You might find yourself fixated on one person always thinking:
- What are they doing?
- Are they using me?
- Should I be helping them instead?
Oftentimes, those who love and/or live with an addict find themselves in this situation – especially parents and spouses.
By definition, codependence is an unhealthy relationship in where one person helps or enables another person’s addiction – whether it be drugs, alcohol, sex, or something else.
Typically, this is seen in parents as they feel obligated to give their child money, but then the child is just going and using that for drugs and alcohol so therefore, the parent is enabling them.
However, this can also be seen when the parent or spouse just feels guilty for not monitoring the person. For example, they might go on vacation and feel guilty the entire time because the addict is at home alone which leaves them susceptible to abusing their substance of choice.
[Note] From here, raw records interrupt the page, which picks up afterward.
lemma strict_mono_dense_extension:
  fixes D :: "real set" and G :: "real \<Rightarrow> real"
  assumes dense: "\<And>a b. a < b \<Longrightarrow> \<exists>s\<in>D. a < s \<and> s < b"
    and mono: "\<And>s t. s \<in> D \<Longrightarrow> t \<in> D \<Longrightarrow> s < t \<Longrightarrow> G s < G t"
    and dense_image: "\<And>a b. a < b \<Longrightarrow> \<exists>s\<in>D. a < G s \<and> G s < b"
  obtains F where "continuous_on UNIV F" "strict_mono F" "\<And>s. s \<in> D \<Longrightarrow> F s = G s"
proof -
  define F where "F t = Sup (G ` {s\<in>D. s \<le> t})" for t
  have nonempty: "G ` {s\<in>D. s \<le> t} \<noteq> {}" for t
    using dense[of "t - 1" t] by fastforce
  have bdd: "bdd_above (G ` {s\<in>D. s \<le> t})" for t
  proof -
    obtain s1 where "s1 \<in> D" "t < s1" using dense[of t "t + 1"] by auto
    then show ?thesis using mono by (intro bdd_aboveI[where M="G s1"]) fastforce
  qed
  have upper: "G s \<le> F t" if "s \<in> D" "s \<le> t" for s t
    unfolding F_def using that bdd by (intro cSup_upper) auto
  have least: "F t \<le> G s" if "s \<in> D" "t \<le> s" for s t
    unfolding F_def using that mono by (intro cSup_least[OF nonempty]) (force simp: le_less)
  have "strict_mono F"
  proof
    fix s t :: real assume "s < t"
    then obtain s1 where s1: "s1 \<in> D" "s < s1" "s1 < t" using dense by blast
    then obtain s2 where s2: "s2 \<in> D" "s1 < s2" "s2 < t" using dense by blast
    have "F s \<le> G s1" using least s1 by auto
    also have "\<dots> < G s2" using mono s1 s2 by auto
    also have "\<dots> \<le> F t" using upper s2 by auto
    finally show "F s < F t" .
  qed
  moreover have "continuous (at t) F" for t
    unfolding continuous_at_eps_delta
  proof (intro allI impI)
    fix e :: real assume e: "e > 0"
    obtain s1 where s1: "s1 \<in> D" "F t - e < G s1" "G s1 < F t" using dense_image[of "F t - e" "F t"] e by auto
    obtain s2 where s2: "s2 \<in> D" "F t < G s2" "G s2 < F t + e" using dense_image[of "F t" "F t + e"] e by auto
    have "s1 < t" "t < s2" using least[of s1 t] upper[of s2 t] s1 s2 by force+
    moreover have "dist (F x') (F t) < e" if "s1 < x'" "x' < s2" for x'
      using upper[of s1 x'] least[of s2 x'] that s1 s2 by (auto simp: dist_real_def)
    ultimately show "\<exists>d>0. \<forall>x'. dist x' t < d \<longrightarrow> dist (F x') (F t) < e"
      by (intro exI[of _ "min (t - s1) (s2 - t)"]) (auto simp: dist_real_def)
  qed
  moreover have "F s = G s" if "s \<in> D" for s
    using upper[OF that] least[OF that] by (simp add: antisym)
  ultimately show ?thesis by (intro that[of F] continuous_at_imp_continuous_on) auto
qed

lemma continuous_eq_on_dense:
  fixes f g :: "real \<Rightarrow> real"
  assumes "continuous_on UNIV f" "continuous_on UNIV g"
    and dense: "\<And>a b. a < b \<Longrightarrow> \<exists>s\<in>D. a < s \<and> s < b"
    and eq: "\<And>s. s \<in> D \<Longrightarrow> f s = g s"
  shows "f t = g t"
proof (rule ccontr)
  assume "f t \<noteq> g t"
  moreover have "open {x. f x \<noteq> g x}" using open_Collect_neq[OF assms(1,2)] .
  ultimately obtain e where e: "e > 0" "\<And>y. dist y t < e \<Longrightarrow> f y \<noteq> g y"
    unfolding open_dist by auto
  obtain s where "s \<in> D" "t - e < s" "s < t + e" using dense[of "t - e" "t + e"] e(1) by auto
  then show False using eq[of s] e(2)[of s] by (simp add: dist_real_def abs_less_iff)
qed

lemma shift_2pi_int:
  fixes F :: "real \<Rightarrow> real"
  assumes "\<And>t. F (t + 2 * pi) = F t + 2 * pi"
  shows "F (t + 2 * pi * of_int n) = F t + 2 * pi * of_int n"
proof -
  have nat: "F (t + 2 * pi * real m) = F t + 2 * pi * real m" for t m
  proof (induction m)
    case (Suc m)
    have "F (t + 2 * pi * real (Suc m)) = F ((t + 2 * pi * real m) + 2 * pi)"
      by (simp add: algebra_simps)
    also have "\<dots> = F (t + 2 * pi * real m) + 2 * pi" by (rule assms)
    also have "\<dots> = F t + 2 * pi * real (Suc m)" using Suc by (simp add: algebra_simps)
    finally show ?case .
  qed simp
  show ?thesis
  proof (cases "n \<ge> 0")
    case True
    then show ?thesis using nat[of t "nat n"] by simp
  next
    case False
    then show ?thesis using nat[of "t + 2 * pi * of_int n" "nat (- n)"] by simp
  qed
qed

lemma continuous_on_S1_factor:
  fixes H :: "real \<Rightarrow> 'a::topological_space"
  assumes cont: "continuous_on UNIV H" and factor: "\<And>s t. cis s = cis t \<Longrightarrow> H s = H t"
  shows "continuous_on S1 (\<lambda>z. H (Arg2pi z))"
  unfolding continuous_on_eq_continuous_within
proof
  fix z :: complex assume z: "z \<in> S1"
  have Hc: "continuous (at t) H" for t using cont by (simp add: continuous_on_eq_continuous_at)
  show "continuous (at z within S1) (\<lambda>z. H (Arg2pi z))"
  proof (cases "z \<in> \<real>\<^sub>\<ge>\<^sub>0")
    case False
    have "continuous (at z) (H \<circ> Arg2pi)"
      by (rule continuous_at_compose[OF continuous_at_Arg2pi[OF False] Hc])
    then show ?thesis unfolding o_def by (rule continuous_at_imp_continuous_within)
  next
    case True
    have "z = 1"
      using True z by (metis complex_nonneg_Reals_iff cmod_eq_Re abs_of_nonneg complex_eqI mem_sphere_0 one_complex.simps)
    then have "z \<notin> \<real>\<^sub>\<le>\<^sub>0" by simp
    then have "continuous (at z) (H \<circ> Arg)"
      by (rule continuous_at_compose[OF continuous_at_Arg Hc])
    then have "continuous (at z within S1) (H \<circ> Arg)"
      by (rule continuous_at_imp_continuous_within)
    moreover have "(H \<circ> Arg) y = H (Arg2pi y)" if "y \<in> S1" for y
    proof -
      have "y \<noteq> 0" using that by auto
      then have "cis (Arg y) = sgn y" by (rule cis_Arg)
      also have "\<dots> = y" using that by (simp add: sgn_div_norm)
      finally show ?thesis using factor[of "Arg y" "Arg2pi y"] cis_Arg2pi[OF that] by simp
    qed
    ultimately show ?thesis
      by (rule continuous_transform_within_openin[OF _ openin_subtopology_self z])
  qed
qed
lemma circle_homeo_of_lift:
  fixes F :: "real \<Rightarrow> real"
  assumes cont: "continuous_on UNIV F" and mono: "strict_mono F"
    and shift: "\<And>t. F (t + 2 * pi) = F t + 2 * pi"
  obtains g where "circle_homeo g" "\<And>t. g (cis t) = cis (F t)"
proof -
  have F_int: "F (t + 2 * pi * of_int n) = F t + 2 * pi * of_int n" for t n
    using shift_2pi_int[of F] shift by blast
  define g where "g z = cis (F (Arg2pi z))" for z
  have gcis: "g (cis t) = cis (F t)" for t
  proof -
    obtain n :: int where "Arg2pi (cis t) = t + 2 * pi * n"
      using cis_eq_cis_iff cis_Arg2pi[of "cis t"] by auto
    then show ?thesis unfolding g_def using F_int by simp
  qed
  have "continuous_on S1 g"
    unfolding g_def
  proof (rule continuous_on_S1_factor)
    show "continuous_on UNIV (\<lambda>t. cis (F t))" by (intro continuous_intros cont)
    fix s t :: real assume "cis s = cis t"
    then obtain n :: int where "s = t + 2 * pi * n" using cis_eq_cis_iff by blast
    then show "cis (F s) = cis (F t)" using F_int by simp
  qed
  moreover have "g ` S1 = S1"
  proof
    show "g ` S1 \<subseteq> S1" unfolding g_def by auto
    show "S1 \<subseteq> g ` S1"
    proof
      fix w assume w: "w \<in> S1"
      obtain u where u: "F 0 \<le> u" "u < F 0 + 2 * pi" "w = cis u"
        by (rule S1_cis_window[OF w])
      then obtain t where "F t = u"
        using IVT'[of F 0 u "2 * pi"] continuous_on_subset[OF cont] shift[of 0] by force
      then show "w \<in> g ` S1" using gcis u by (intro image_eqI[of _ _ "cis t"]) auto
    qed
  qed
  moreover have "inj_on g S1"
  proof
    fix x y assume x: "x \<in> S1" and y: "y \<in> S1" and "g x = g y"
    then obtain n :: int where "F (Arg2pi x) = F (Arg2pi y) + 2 * pi * n"
      unfolding g_def using cis_eq_cis_iff by blast
    then have "Arg2pi x = Arg2pi y + 2 * pi * n"
      using F_int strict_mono_eq[OF mono] by metis
    then have "cis (Arg2pi x) = cis (Arg2pi y)" by simp
    then show "x = y" using cis_Arg2pi x y by metis
  qed
  ultimately obtain g' where "homeomorphism S1 S1 g g'"
    using homeomorphism_compact[OF compact_sphere] by blast
  then show ?thesis using that gcis unfolding circle_homeo_def by blast
qed

lemma circle_homeo_of_dense_lift:
  fixes D :: "real set" and G :: "real \<Rightarrow> real"
  assumes dense: "\<And>a b. a < b \<Longrightarrow> \<exists>s\<in>D. a < s \<and> s < b"
    and mono: "\<And>s t. s \<in> D \<Longrightarrow> t \<in> D \<Longrightarrow> s < t \<Longrightarrow> G s < G t"
    and dense_image: "\<And>a b. a < b \<Longrightarrow> \<exists>s\<in>D. a < G s \<and> G s < b"
    and periodic: "\<And>s. s \<in> D \<Longrightarrow> s + 2 * pi \<in> D"
    and shift: "\<And>s. s \<in> D \<Longrightarrow> G (s + 2 * pi) = G s + 2 * pi"
  obtains g where "circle_homeo g" "\<And>s. s \<in> D \<Longrightarrow> g (cis s) = cis (G s)"
proof -
  obtain F where F: "continuous_on UNIV F" "strict_mono F" "\<And>s. s \<in> D \<Longrightarrow> F s = G s"
    using strict_mono_dense_extension[OF dense mono dense_image] by blast
  have "F (t + 2 * pi) - 2 * pi = F t" for t
  proof (rule continuous_eq_on_dense[OF _ F(1) dense])
    show "continuous_on UNIV (\<lambda>t. F (t + 2 * pi) - 2 * pi)"
      by (intro continuous_intros continuous_on_compose2[OF F(1)]) auto
  qed (use F(3) periodic shift in auto)
  then obtain g where "circle_homeo g" "\<And>t. g (cis t) = cis (F t)"
    using circle_homeo_of_lift[OF F(1,2)] by (metis add_diff_cancel_right' diff_add_cancel)
  then show ?thesis using that F(3) by auto
qed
So, can you really overcome the sadness and anxiety that stems from codependence?
Yes. But, it is not easy.
You are not the addict.
While you might almost feel as though you are, you are not the one who is addicted. The addict is making their own decisions. You have to remember that they are an adult and have free will.
Just don’t do it.
If you are the person who is giving them money or something that you know is enabling them – don’t. Instead, buy them food or clothes, whatever it is they claim they need the money for. This can be compared to how some people will only give homeless people food or gift cards rather than cash. Unfortunately, this is how it has to be with addicts too.
You are not responsible.
If you are the other type of codependent and just feel guilty for not monitoring them constantly, remind yourself that you are not responsible for them. Don’t dwell on that you could be home instead of on vacation or that you could have sent them to rehab instead of buying a new car.
The reality of it is that you still have to live your life and for their recovery to be successful, it has to start with their own decision to make a difference.
Guilt felt by the outsiders in the life of an addict can be great. It can leave you feeling as though you are the addict. Just remember, do the best you can but continue living your life and avoid things that enable their addiction.